THE TASK
Each line below that contains the word "only" must be copied.
╔══
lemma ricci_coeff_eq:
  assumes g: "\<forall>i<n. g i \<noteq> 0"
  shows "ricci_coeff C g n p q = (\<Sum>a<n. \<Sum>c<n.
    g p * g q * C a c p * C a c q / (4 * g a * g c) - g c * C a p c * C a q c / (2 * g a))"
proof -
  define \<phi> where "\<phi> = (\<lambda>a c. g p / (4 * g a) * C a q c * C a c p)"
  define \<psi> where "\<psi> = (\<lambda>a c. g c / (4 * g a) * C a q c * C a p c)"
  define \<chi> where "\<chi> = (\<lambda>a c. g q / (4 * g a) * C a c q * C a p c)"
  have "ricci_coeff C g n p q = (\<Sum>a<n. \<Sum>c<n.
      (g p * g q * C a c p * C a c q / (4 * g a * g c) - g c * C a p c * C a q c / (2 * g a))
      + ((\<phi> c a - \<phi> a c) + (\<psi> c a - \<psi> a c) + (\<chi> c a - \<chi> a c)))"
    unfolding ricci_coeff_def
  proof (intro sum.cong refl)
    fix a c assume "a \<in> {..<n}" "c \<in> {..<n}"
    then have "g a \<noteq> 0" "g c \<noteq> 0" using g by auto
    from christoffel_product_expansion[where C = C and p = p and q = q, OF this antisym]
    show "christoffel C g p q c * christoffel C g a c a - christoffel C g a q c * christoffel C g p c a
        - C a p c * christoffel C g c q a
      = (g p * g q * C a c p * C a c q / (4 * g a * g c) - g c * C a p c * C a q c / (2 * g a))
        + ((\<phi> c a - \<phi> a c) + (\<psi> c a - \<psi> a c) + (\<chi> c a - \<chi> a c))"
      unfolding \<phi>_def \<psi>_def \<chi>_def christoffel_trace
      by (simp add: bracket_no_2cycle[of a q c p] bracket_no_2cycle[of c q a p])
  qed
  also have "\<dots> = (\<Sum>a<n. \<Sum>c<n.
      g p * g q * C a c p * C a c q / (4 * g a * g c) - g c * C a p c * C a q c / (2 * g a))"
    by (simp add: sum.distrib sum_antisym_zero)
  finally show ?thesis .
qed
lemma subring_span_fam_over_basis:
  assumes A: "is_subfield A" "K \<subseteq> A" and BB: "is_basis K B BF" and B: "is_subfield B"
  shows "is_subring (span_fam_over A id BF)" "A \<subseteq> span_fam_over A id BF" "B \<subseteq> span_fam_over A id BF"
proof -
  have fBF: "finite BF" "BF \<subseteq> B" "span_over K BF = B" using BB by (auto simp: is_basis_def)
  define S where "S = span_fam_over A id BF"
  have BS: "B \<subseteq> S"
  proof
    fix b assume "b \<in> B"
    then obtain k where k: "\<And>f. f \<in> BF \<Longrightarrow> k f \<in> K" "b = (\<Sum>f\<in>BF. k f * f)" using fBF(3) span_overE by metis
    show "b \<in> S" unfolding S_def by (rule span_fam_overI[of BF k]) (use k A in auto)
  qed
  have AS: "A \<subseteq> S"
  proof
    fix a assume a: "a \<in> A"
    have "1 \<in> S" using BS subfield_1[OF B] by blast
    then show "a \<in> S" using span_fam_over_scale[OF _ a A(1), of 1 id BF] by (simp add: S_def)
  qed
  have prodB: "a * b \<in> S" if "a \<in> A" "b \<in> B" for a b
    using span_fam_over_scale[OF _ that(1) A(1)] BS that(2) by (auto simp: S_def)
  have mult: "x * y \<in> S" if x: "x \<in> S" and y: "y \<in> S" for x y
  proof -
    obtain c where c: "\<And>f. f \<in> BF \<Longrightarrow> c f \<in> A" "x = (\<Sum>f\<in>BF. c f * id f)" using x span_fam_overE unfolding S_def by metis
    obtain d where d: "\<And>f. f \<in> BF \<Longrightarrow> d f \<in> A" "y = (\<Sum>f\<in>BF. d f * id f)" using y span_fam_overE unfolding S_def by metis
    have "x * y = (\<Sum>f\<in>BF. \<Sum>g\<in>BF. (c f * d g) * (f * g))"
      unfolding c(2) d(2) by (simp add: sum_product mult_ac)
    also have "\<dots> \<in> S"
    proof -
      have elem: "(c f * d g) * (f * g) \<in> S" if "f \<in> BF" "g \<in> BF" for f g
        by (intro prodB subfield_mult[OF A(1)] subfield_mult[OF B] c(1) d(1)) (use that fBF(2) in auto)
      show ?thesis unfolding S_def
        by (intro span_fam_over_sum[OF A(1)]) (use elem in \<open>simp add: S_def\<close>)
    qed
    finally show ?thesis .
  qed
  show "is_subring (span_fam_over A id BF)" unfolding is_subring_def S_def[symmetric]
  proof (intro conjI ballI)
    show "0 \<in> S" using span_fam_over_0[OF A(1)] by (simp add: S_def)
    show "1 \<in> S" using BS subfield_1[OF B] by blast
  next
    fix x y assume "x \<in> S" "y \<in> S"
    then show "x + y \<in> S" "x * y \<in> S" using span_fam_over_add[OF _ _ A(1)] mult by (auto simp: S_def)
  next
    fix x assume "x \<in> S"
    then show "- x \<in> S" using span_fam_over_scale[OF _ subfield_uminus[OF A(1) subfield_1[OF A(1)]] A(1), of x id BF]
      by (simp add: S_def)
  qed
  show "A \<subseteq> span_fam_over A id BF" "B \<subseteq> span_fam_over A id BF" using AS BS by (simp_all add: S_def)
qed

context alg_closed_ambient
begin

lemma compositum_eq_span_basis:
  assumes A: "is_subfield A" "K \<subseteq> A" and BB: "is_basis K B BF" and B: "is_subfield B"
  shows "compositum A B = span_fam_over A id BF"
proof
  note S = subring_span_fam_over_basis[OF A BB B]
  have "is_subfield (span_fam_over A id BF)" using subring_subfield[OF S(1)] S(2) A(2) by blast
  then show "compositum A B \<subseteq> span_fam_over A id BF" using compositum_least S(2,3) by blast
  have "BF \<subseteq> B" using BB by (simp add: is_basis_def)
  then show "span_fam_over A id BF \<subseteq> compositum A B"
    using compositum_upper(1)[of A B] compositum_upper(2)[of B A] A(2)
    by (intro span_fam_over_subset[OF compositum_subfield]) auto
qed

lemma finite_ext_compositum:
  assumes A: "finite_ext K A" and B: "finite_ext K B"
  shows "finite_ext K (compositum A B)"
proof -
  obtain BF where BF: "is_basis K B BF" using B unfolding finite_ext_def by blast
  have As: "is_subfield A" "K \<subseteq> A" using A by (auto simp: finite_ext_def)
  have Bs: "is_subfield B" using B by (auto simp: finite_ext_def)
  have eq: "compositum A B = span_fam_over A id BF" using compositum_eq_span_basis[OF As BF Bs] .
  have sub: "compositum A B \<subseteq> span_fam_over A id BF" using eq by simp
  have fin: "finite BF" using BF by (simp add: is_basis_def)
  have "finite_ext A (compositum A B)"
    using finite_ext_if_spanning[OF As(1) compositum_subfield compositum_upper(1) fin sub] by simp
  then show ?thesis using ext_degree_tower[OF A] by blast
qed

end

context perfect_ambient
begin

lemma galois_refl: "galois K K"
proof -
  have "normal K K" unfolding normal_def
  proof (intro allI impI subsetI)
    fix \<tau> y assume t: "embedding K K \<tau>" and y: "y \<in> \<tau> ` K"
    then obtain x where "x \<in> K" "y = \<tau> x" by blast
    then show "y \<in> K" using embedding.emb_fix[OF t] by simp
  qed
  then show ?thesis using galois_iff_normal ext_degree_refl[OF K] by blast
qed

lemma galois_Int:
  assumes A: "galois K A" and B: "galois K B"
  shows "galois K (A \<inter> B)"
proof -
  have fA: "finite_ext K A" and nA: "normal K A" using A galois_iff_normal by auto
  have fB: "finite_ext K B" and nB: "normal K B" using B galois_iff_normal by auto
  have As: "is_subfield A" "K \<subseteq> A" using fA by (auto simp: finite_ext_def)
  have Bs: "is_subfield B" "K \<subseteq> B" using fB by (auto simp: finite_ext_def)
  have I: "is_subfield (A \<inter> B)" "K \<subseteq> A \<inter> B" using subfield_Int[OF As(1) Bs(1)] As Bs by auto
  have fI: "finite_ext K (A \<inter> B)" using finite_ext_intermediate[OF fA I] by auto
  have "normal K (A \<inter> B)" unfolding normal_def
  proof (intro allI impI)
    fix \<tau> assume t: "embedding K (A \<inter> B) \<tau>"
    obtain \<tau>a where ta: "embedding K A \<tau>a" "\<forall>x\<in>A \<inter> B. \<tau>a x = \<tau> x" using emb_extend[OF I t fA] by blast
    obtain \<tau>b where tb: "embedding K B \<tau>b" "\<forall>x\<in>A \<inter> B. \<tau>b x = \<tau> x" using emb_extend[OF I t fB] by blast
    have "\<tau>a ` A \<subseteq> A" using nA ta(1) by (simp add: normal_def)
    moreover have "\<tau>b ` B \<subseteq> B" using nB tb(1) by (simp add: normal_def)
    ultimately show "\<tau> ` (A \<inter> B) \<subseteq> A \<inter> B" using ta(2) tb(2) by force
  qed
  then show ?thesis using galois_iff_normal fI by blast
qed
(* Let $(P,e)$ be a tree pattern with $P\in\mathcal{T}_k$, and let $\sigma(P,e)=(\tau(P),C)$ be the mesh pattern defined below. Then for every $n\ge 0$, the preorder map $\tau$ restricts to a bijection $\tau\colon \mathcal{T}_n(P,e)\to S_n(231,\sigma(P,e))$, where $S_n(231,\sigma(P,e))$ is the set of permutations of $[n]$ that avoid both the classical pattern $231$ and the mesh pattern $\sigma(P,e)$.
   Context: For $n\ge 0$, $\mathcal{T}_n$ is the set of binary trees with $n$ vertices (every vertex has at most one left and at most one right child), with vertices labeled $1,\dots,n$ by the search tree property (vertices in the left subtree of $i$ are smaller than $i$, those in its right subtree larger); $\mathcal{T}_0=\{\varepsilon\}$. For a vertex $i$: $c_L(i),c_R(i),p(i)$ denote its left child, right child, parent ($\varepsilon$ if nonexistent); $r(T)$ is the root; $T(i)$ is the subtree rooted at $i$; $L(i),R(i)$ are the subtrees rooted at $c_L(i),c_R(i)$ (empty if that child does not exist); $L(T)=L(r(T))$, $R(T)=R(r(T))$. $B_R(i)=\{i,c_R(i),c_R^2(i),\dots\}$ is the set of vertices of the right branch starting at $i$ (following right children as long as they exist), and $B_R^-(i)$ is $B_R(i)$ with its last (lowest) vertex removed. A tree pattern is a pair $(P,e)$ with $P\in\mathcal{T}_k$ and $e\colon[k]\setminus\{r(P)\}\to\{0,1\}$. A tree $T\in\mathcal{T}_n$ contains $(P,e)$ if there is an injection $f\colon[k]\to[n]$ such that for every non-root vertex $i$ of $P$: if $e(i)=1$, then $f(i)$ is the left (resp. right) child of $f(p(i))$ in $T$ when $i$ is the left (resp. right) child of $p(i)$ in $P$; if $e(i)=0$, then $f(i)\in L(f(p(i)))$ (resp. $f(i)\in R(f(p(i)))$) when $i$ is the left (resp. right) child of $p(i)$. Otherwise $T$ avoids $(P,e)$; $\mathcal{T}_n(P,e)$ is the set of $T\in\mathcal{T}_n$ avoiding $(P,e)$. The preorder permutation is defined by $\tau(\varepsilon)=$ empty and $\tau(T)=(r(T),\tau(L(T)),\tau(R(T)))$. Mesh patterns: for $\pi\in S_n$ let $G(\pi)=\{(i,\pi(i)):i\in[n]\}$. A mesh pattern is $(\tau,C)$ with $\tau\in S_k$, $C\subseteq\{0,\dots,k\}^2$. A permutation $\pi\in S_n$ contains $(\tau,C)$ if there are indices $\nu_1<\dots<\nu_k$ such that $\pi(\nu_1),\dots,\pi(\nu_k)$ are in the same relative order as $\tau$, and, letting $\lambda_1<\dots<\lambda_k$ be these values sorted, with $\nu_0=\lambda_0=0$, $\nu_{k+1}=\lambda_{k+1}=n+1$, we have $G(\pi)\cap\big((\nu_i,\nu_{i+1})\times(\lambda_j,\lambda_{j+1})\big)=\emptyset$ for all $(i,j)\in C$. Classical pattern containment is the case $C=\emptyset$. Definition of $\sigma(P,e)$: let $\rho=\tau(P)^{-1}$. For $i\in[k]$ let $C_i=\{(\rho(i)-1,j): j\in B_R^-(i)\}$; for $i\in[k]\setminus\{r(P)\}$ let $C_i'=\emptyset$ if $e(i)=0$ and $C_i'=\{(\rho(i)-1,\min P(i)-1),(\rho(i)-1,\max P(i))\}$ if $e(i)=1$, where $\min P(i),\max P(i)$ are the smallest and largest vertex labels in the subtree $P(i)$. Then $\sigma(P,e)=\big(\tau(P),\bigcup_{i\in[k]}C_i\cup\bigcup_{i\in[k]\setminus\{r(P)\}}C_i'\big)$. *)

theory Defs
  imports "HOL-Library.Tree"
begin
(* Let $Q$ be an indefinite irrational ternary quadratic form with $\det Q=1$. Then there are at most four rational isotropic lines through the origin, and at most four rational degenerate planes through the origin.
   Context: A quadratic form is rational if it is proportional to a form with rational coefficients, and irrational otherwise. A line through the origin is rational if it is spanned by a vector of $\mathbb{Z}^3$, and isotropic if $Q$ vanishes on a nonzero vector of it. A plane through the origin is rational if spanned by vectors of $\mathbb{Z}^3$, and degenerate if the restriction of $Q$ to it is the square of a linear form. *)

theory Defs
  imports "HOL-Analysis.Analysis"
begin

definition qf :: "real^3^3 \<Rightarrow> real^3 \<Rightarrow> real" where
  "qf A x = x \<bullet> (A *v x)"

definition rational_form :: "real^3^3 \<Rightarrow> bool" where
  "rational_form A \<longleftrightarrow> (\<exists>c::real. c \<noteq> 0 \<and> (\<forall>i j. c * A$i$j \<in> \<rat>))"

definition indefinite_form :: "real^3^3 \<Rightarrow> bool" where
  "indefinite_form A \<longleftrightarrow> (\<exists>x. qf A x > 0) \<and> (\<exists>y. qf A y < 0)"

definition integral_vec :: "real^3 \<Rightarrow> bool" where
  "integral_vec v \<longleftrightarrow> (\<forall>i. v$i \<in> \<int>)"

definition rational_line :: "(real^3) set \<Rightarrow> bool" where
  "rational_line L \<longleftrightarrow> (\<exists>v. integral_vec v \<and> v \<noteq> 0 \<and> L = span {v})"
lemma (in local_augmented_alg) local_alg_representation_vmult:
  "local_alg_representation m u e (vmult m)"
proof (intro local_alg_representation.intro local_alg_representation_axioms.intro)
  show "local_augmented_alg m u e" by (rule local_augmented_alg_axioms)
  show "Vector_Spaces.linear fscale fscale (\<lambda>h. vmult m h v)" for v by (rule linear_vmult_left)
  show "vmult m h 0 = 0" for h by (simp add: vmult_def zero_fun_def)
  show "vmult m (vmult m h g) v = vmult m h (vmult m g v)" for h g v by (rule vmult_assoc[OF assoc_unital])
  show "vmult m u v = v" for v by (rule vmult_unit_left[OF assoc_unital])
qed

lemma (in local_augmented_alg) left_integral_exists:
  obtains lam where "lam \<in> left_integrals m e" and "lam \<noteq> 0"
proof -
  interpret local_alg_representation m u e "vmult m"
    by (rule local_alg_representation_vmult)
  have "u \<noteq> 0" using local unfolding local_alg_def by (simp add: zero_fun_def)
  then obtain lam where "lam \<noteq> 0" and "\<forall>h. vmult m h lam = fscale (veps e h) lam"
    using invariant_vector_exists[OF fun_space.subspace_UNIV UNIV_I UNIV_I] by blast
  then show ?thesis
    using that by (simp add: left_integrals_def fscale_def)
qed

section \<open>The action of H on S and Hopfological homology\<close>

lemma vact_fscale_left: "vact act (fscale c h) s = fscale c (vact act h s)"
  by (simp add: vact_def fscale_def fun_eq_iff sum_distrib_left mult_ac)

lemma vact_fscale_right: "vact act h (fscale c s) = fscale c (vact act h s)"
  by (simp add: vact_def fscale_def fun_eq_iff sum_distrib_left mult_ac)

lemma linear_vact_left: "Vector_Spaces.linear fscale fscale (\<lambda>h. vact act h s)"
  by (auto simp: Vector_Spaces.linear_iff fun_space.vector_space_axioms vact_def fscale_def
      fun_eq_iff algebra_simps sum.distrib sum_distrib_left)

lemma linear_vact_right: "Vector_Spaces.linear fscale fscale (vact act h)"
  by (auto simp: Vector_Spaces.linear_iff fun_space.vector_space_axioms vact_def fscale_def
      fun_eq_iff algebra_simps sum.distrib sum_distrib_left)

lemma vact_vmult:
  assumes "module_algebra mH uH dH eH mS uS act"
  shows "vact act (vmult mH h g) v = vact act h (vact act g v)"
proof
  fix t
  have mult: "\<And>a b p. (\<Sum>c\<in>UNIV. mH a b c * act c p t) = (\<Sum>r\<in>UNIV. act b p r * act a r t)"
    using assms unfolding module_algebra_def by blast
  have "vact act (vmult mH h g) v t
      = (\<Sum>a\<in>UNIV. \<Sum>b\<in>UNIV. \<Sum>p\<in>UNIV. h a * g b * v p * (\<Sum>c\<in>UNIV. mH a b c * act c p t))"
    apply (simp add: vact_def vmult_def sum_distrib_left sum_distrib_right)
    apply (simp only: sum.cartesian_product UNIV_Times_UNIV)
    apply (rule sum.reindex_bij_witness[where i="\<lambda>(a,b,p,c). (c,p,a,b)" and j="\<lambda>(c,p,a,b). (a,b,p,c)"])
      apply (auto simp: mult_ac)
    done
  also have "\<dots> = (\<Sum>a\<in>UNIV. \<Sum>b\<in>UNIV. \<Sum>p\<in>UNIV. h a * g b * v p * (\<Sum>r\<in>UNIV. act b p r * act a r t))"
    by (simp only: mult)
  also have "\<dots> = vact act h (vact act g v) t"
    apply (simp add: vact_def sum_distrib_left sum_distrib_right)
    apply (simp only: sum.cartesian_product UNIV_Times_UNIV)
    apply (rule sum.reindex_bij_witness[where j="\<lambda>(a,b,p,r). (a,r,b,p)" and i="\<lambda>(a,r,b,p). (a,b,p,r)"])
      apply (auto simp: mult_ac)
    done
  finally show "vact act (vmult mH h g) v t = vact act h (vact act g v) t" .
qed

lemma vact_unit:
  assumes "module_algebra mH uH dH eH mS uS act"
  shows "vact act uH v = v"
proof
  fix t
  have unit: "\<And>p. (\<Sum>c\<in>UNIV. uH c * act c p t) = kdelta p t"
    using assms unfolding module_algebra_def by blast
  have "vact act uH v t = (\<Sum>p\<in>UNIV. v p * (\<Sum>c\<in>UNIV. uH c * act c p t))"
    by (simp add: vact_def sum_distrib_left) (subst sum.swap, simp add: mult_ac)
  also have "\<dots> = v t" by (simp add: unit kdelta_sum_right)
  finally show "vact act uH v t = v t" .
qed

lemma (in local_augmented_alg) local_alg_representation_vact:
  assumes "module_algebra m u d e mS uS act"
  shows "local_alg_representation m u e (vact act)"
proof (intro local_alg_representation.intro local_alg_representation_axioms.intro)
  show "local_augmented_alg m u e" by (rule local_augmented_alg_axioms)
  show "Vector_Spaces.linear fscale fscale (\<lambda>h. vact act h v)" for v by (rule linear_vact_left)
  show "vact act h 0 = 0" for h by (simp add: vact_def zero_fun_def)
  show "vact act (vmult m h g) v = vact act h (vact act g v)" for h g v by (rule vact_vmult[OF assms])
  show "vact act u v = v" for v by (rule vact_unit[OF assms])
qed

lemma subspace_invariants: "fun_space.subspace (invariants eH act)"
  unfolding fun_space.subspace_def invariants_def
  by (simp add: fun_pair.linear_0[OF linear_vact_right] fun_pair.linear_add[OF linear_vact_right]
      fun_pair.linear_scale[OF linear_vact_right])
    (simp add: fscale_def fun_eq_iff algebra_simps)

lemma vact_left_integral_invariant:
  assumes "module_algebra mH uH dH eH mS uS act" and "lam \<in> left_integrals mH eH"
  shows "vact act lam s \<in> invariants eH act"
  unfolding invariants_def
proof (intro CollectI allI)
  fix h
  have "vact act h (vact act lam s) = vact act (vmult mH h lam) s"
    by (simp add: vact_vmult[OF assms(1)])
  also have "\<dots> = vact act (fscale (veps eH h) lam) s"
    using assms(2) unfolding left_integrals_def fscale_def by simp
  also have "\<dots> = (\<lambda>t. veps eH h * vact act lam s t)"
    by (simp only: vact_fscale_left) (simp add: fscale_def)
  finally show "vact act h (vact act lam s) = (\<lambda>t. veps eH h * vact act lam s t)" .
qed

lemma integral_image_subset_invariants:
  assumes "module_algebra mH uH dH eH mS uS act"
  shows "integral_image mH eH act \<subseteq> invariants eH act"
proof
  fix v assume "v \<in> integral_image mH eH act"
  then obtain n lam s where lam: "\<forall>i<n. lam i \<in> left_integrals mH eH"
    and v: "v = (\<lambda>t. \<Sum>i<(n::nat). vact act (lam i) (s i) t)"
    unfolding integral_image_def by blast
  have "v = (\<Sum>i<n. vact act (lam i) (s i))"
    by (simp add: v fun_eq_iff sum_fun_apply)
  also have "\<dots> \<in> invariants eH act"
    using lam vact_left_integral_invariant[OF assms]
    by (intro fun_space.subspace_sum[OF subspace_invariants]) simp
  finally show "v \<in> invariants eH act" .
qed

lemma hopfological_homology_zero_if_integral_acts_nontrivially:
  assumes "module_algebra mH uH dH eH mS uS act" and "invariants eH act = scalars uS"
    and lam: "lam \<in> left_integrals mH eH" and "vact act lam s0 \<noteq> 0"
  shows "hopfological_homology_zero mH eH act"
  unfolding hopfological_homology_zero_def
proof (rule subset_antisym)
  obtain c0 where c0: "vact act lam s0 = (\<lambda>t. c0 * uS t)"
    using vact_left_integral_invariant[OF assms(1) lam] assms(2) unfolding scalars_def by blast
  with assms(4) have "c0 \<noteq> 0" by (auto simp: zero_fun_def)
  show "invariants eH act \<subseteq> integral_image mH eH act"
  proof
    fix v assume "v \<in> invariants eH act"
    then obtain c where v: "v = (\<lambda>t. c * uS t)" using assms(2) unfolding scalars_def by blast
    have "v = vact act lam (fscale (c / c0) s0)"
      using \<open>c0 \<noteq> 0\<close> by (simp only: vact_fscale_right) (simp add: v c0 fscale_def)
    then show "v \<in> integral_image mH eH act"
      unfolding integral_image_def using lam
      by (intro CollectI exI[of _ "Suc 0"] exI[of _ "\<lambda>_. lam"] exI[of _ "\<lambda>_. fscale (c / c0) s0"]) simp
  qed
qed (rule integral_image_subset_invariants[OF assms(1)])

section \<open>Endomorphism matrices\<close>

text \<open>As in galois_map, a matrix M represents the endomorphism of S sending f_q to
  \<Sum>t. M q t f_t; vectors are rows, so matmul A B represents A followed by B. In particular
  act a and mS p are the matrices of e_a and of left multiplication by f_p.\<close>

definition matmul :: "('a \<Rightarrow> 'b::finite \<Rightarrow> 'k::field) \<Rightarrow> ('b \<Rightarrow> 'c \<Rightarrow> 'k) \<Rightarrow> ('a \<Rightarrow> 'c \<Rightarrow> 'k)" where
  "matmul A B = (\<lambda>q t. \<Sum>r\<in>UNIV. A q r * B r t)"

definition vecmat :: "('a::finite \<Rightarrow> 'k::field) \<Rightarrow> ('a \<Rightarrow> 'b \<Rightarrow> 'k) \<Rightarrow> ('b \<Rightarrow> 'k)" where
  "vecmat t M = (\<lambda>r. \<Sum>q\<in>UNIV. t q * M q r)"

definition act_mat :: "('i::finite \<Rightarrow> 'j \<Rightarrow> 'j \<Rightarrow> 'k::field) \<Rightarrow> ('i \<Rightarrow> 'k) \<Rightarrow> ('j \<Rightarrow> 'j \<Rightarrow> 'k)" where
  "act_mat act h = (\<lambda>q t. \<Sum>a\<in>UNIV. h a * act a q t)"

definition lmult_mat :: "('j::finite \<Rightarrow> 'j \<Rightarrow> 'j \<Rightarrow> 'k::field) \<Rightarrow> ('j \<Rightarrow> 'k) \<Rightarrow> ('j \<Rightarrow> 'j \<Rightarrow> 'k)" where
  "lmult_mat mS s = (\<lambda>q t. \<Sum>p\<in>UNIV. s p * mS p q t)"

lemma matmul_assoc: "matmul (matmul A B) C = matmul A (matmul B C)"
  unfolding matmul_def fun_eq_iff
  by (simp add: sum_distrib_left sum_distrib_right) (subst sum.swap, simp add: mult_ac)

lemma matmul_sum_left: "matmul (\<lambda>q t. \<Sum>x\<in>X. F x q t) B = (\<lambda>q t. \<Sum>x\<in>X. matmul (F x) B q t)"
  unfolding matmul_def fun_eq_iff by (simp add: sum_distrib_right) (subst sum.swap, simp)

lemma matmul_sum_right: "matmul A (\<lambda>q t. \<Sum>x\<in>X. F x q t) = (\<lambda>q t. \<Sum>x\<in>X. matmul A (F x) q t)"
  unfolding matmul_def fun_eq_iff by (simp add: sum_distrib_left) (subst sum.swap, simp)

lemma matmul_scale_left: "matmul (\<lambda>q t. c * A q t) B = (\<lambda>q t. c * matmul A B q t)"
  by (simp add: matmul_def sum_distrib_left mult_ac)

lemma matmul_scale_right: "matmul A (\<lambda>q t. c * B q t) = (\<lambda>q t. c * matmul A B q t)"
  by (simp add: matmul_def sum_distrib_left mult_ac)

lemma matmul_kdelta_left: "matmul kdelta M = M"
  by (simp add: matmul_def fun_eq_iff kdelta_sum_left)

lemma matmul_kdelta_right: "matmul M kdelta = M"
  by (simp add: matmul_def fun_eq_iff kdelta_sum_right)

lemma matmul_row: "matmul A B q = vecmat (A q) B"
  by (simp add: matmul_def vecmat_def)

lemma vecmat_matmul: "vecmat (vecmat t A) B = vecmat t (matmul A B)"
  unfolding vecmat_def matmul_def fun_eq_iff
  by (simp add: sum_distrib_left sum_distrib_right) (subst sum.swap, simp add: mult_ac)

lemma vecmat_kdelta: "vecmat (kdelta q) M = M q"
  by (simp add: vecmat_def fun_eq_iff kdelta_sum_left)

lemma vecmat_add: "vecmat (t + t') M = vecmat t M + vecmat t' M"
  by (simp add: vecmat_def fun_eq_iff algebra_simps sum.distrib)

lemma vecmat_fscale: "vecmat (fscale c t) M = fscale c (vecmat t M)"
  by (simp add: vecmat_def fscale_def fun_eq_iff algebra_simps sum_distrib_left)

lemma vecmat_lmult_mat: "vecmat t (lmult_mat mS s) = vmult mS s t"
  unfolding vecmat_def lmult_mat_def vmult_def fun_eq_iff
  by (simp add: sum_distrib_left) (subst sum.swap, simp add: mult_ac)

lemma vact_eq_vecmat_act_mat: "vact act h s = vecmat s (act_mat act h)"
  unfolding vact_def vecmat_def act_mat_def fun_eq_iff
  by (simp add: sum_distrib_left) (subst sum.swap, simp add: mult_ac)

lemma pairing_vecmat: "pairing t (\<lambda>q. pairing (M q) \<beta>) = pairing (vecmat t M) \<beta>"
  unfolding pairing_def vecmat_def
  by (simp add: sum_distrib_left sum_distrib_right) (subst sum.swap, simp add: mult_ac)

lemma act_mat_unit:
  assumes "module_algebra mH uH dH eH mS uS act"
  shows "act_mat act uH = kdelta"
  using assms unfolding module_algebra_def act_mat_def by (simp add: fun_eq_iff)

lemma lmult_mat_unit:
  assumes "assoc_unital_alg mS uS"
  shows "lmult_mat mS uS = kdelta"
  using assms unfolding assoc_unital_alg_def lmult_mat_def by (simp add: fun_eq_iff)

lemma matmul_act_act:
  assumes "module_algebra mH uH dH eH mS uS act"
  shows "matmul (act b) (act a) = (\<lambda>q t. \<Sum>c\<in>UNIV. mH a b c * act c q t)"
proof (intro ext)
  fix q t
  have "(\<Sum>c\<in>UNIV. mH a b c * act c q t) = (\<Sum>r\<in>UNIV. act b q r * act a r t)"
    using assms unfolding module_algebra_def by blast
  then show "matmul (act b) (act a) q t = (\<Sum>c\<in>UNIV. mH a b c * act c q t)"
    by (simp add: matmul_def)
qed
╚══
EXERCISE OUTPUT
    apply (simp only: sum.cartesian_product UNIV_Times_UNIV)
    by (simp only: mult)
    apply (simp only: sum.cartesian_product UNIV_Times_UNIV)
    by (simp only: vact_fscale_left) (simp add: fscale_def)
      using \<open>c0 \<noteq> 0\<close> by (simp only: vact_fscale_right) (simp add: v c0 fscale_def)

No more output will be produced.